FOR a considerable time I remained … sitting up in bed gazing at vacancy, absorbed in recalling the scenes and incidents of my fantastic appearance. Sawyer, alarmed at my looks, was meanwhile anxiously inquiring what was the matter with me. Roused at length by his importunities to a recognition of my surroundings, I pulled myself together with an effort and assured the faithful fellow that I was all right. “I have had an extraordinary dream, that’s all, Sawyer,” I said,—“a most ex-traor-dinary dream.”
  I dressed in a mechanical way, feeling light-headed and oddly uncertain of myself, and sat down to the coffee and rolls which Sawyer was in the habit of providing for my refreshment before I left the house. The morning newspaper lay by my plate. I took it up, and my eye fell on the date May 31, 1887. I had known, of course, from the moment I opened my eyes that my long and detailed experience in another century had been a dream, and yet it was startling to have it so conclusively demonstrated that the world was but a few hours older than when I had lain down to sleep.  2
  Glancing at the table of contents at the head of the paper which reviewed the news of the morning, I read the following summary:
          “FOREIGN AFFAIRS.—The impending war between France and Germany. The French Chambers asked for new military credits to meet Germany’s increase of her army. Probability that all Europe will be involved in case of war.—Great suffering among the unemployed in London. They demand work. Monster demonstration to be made. The authorities uneasy.—Great strikes in Belgium. The government preparing to repress outbreaks. Shocking facts in regard to the employment of girls in Belgian coal-mines.—Wholesale evictions in Ireland.

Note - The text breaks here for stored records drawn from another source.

(* Let $n\in\mathbb{N}$. (i) Let $S$ be a symmetric numerical semigroup and $A\subseteq\{x\in S\mid \frac{\mathrm{F}(S)}{2}<x<\mathrm{F}(S)\}$ with $\#A=n$ such that $S\setminus A$ is a numerical semigroup. Then $\mathrm{l}(S\setminus A)=2n$. (ii) Conversely, for every numerical semigroup $T$ with $\mathrm{l}(T)=2n$ there exist a symmetric numerical semigroup $S$ with $\mathrm{F}(S)=\mathrm{F}(T)$ and a set $A\subseteq\{x\in S\mid \frac{\mathrm{F}(S)}{2}<x<\mathrm{F}(S)\}$ with $\#A=n$ such that $T=S\setminus A$.
   Context: A numerical semigroup is a subset $S\subseteq\mathbb{N}$ closed under addition with $0\in S$ and $\mathbb{N}\setminus S$ finite; $\mathrm{F}(S)=\max(\mathbb{Z}\setminus S)$. $\mathrm{N}(S)=\{s\in S\mid s<\mathrm{F}(S)\}$, $\mathrm{L}(S)=\{x\in\mathbb{N}\setminus S\mid \mathrm{F}(S)-x\notin \mathrm{N}(S)\}$, $\mathrm{l}(S)=\#\mathrm{L}(S)$. A numerical semigroup is irreducible if it is not the intersection of two numerical semigroups properly containing it; symmetric means irreducible with odd Frobenius number. *)

theory Defs
  imports Complex_Main
begin

definition numerical_semigroup :: "nat set \<Rightarrow> bool" where
  "numerical_semigroup S \<longleftrightarrow> 0 \<in> S \<and> (\<forall>a\<in>S. \<forall>b\<in>S. a + b \<in> S) \<and> finite (UNIV - S)"

text \<open>Frobenius number: the largest integer not in S (equals -1 for S = N).\<close>
definition frob :: "nat set \<Rightarrow> int" where
  "frob S = (GREATEST z::int. z \<notin> int ` S)"

definition NS :: "nat set \<Rightarrow> nat set" where
  "NS S = {s \<in> S. int s < frob S}"

definition LS :: "nat set \<Rightarrow> nat set" where
  "LS S = {x \<in> UNIV - S. frob S - int x \<notin> int ` NS S}"

definition l_num :: "nat set \<Rightarrow> nat" where
  "l_num S = card (LS S)"

definition irreducible_ns :: "nat set \<Rightarrow> bool" where
  "irreducible_ns S \<longleftrightarrow> numerical_semigroup S \<and>
     \<not> (\<exists>S1 S2. numerical_semigroup S1 \<and> numerical_semigroup S2 \<and>
               S \<subset> S1 \<and> S \<subset> S2 \<and> S = S1 \<inter> S2)"

definition symmetric_ns :: "nat set \<Rightarrow> bool" where
  "symmetric_ns S \<longleftrightarrow> irreducible_ns S \<and> odd (frob S)"

end

theory Submission
  imports Defs
begin

text \<open>
  Write \<open>F = frob T\<close> and \<open>x\<^sup>* = F - x\<close> (\<open>mirror T x\<close> below). For a numerical
  semigroup \<open>T\<close> the set \<open>LS T\<close> consists of the gaps \<open>x\<close> whose mirror \<open>x\<^sup>*\<close> is also a
  gap; it is closed under \<open>x \<mapsto> x\<^sup>*\<close>, and \<open>T\<close> is symmetric exactly when \<open>F\<close> is odd and
  \<open>LS T = {}\<close>. Removing from a symmetric \<open>S\<close> a set \<open>A\<close> of elements between \<open>F/2\<close> and \<open>F\<close>
  produces \<open>LS (S - A) = A \<union> A\<^sup>*\<close>, of size \<open>2 #A\<close>. Conversely, if \<open>#LS T\<close> is even then
  \<open>F\<close> is odd (for even \<open>F\<close> the point \<open>F/2\<close> lies in \<open>LS T\<close> and is its only fixed point),
  and adjoining to \<open>T\<close> the upper half \<open>A\<close> of \<open>LS T\<close> yields a semigroup \<open>S\<close> with
  \<open>LS S = {}\<close>, i.e. a symmetric one, with \<open>T = S - A\<close>.
\<close>

abbreviation mirror :: "nat set \<Rightarrow> nat \<Rightarrow> nat" where
  "mirror S x \<equiv> nat (frob S - int x)"

lemma numerical_semigroup_0: "numerical_semigroup S \<Longrightarrow> 0 \<in> S"
  unfolding numerical_semigroup_def by blast

lemma numerical_semigroup_add: "numerical_semigroup S \<Longrightarrow> a \<in> S \<Longrightarrow> b \<in> S \<Longrightarrow> a + b \<in> S"
  unfolding numerical_semigroup_def by blast

lemma numerical_semigroup_finite_gaps: "numerical_semigroup S \<Longrightarrow> finite (UNIV - S)"
  unfolding numerical_semigroup_def by blast

lemma numerical_semigroup_Un:
  assumes "numerical_semigroup T"
    and "\<And>b t. b \<in> B \<Longrightarrow> t \<in> T \<Longrightarrow> b + t \<in> T \<union> B"
    and "\<And>b b'. b \<in> B \<Longrightarrow> b' \<in> B \<Longrightarrow> b + b' \<in> T \<union> B"
  shows "numerical_semigroup (T \<union> B)"
  unfolding numerical_semigroup_def
proof (intro conjI ballI)
  show "0 \<in> T \<union> B" using numerical_semigroup_0[OF assms(1)] by simp
  show "finite (UNIV - (T \<union> B))"
    using numerical_semigroup_finite_gaps[OF assms(1)] by (rule finite_subset[rotated]) auto
  fix a b assume "a \<in> T \<union> B" "b \<in> T \<union> B"
  then show "a + b \<in> T \<union> B"
    using assms(2)[of a b] assms(2)[of b a] assms(3)[of a b] numerical_semigroup_add[OF assms(1)]
    by (auto simp: add.commute)
qed

lemma frob_eqI:
  assumes "F \<notin> int ` S" and "\<And>z. F < z \<Longrightarrow> z \<in> int ` S"
  shows "frob S = F"
  unfolding frob_def
  by (rule Greatest_equality) (use assms in \<open>force simp: not_le[symmetric]\<close>)+

lemma frob_numerical_semigroup:
  assumes "numerical_semigroup S"
  shows "frob S \<notin> int ` S \<and> (\<forall>z. frob S < z \<longrightarrow> z \<in> int ` S)"
proof -
  define F where "F = (if S = UNIV then -1 else int (Max (UNIV - S)))"
  have fin: "finite (UNIV - S)" using numerical_semigroup_finite_gaps[OF assms] .
  have notin: "F \<notin> int ` S"
    using Max_in[OF fin] unfolding F_def by (auto simp: image_iff)
  have above: "z \<in> int ` S" if "F < z" for z
  proof -
    have "0 \<le> z" using that unfolding F_def by (auto split: if_splits)
    then obtain m where m: "z = int m" using nonneg_int_cases by blast
    have "m \<in> S" using that Max_ge[OF fin, of m] unfolding F_def m by (auto split: if_splits)
    then show ?thesis using m by simp
  qed
  show ?thesis using frob_eqI[OF notin above] notin above by simp
qed

lemma greater_frob_in: "numerical_semigroup S \<Longrightarrow> frob S < int x \<Longrightarrow> x \<in> S"
  using frob_numerical_semigroup by force

lemma gap_le_frob: "numerical_semigroup S \<Longrightarrow> x \<notin> S \<Longrightarrow> int x \<le> frob S"
  using greater_frob_in by force

lemma nat_frob_notin: "numerical_semigroup S \<Longrightarrow> 0 \<le> frob S \<Longrightarrow> nat (frob S) \<notin> S"
  using frob_numerical_semigroup by force

lemma frob_ge_minus_one:
  assumes "numerical_semigroup S"
  shows "-1 \<le> frob S"
proof (rule ccontr)
  assume "\<not> -1 \<le> frob S"
  then have "-1 \<in> int ` S" using frob_numerical_semigroup[OF assms] by auto
  then show False by auto
qed

lemma frob_neq_0: "numerical_semigroup S \<Longrightarrow> frob S \<noteq> 0"
  using frob_numerical_semigroup numerical_semigroup_0 by force

lemma complement_notin:
  assumes "numerical_semigroup S" "nat F \<notin> S" "x \<in> S" "int x \<le> F"
  shows "nat (F - int x) \<notin> S"
proof
  assume "nat (F - int x) \<in> S"
  then have "x + nat (F - int x) \<in> S" using numerical_semigroup_add assms by blast
  moreover have "x + nat (F - int x) = nat F" using assms(4) by linarith
  ultimately show False using assms(2) by simp
qed

lemma LS_eq:
  assumes "numerical_semigroup T"
  shows "LS T = {x. x \<notin> T \<and> mirror T x \<notin> T}"
proof -
  have "frob T - int x \<in> int ` NS T \<longleftrightarrow> mirror T x \<in> T" if "x \<notin> T" for x
  proof -
    have "int x \<le> frob T" using gap_le_frob[OF assms that] .
    moreover have "x \<noteq> 0" using that numerical_semigroup_0[OF assms] by metis
    ultimately show ?thesis unfolding NS_def by (force simp: image_iff)
  qed
  then show ?thesis unfolding LS_def by auto
qed

lemma finite_LS: "numerical_semigroup T \<Longrightarrow> finite (LS T)"
  using numerical_semigroup_finite_gaps by (rule finite_subset[rotated]) (auto simp: LS_def)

  “HOME AFFAIRS.—The epidemic of fraud unchecked. Embezzlement of half a million in New York.—Misappropriation of a trust fund by executors. Orphans left penniless.—Clever system of thefts by a bank-teller; $50,000 gone.—The coal barons decide to advance the price of coal and reduce production.—Speculators engineering a great wheat corner at Chicago.—A clique forcing up the price of coffee.—Enormous land-grabs of Western syndicates.—Revelations of shocking corruption among Chicago officials. Systematic bribery.—The trials of the Boodle aldermen to go on at New York.—Large failures of business houses. Fears of a business crisis.—A large grist of burglaries and larcenies.—A woman murdered in cold blood for her money at New Haven.—A householder shot by a burglar in this city last night.—A man shoots himself in Worcester because he could not get work. A large family left destitute.—An aged couple in New Jersey commit suicide rather than go to the poor-house.—Pitiable destitution among the women wage-workers in the great cities.—Startling growth of illiteracy in Massachusetts.—More insane asylums wanted.—Decoration Day addresses. Professor Brown’s oration on the moral grandeur of nineteenth century civilization.”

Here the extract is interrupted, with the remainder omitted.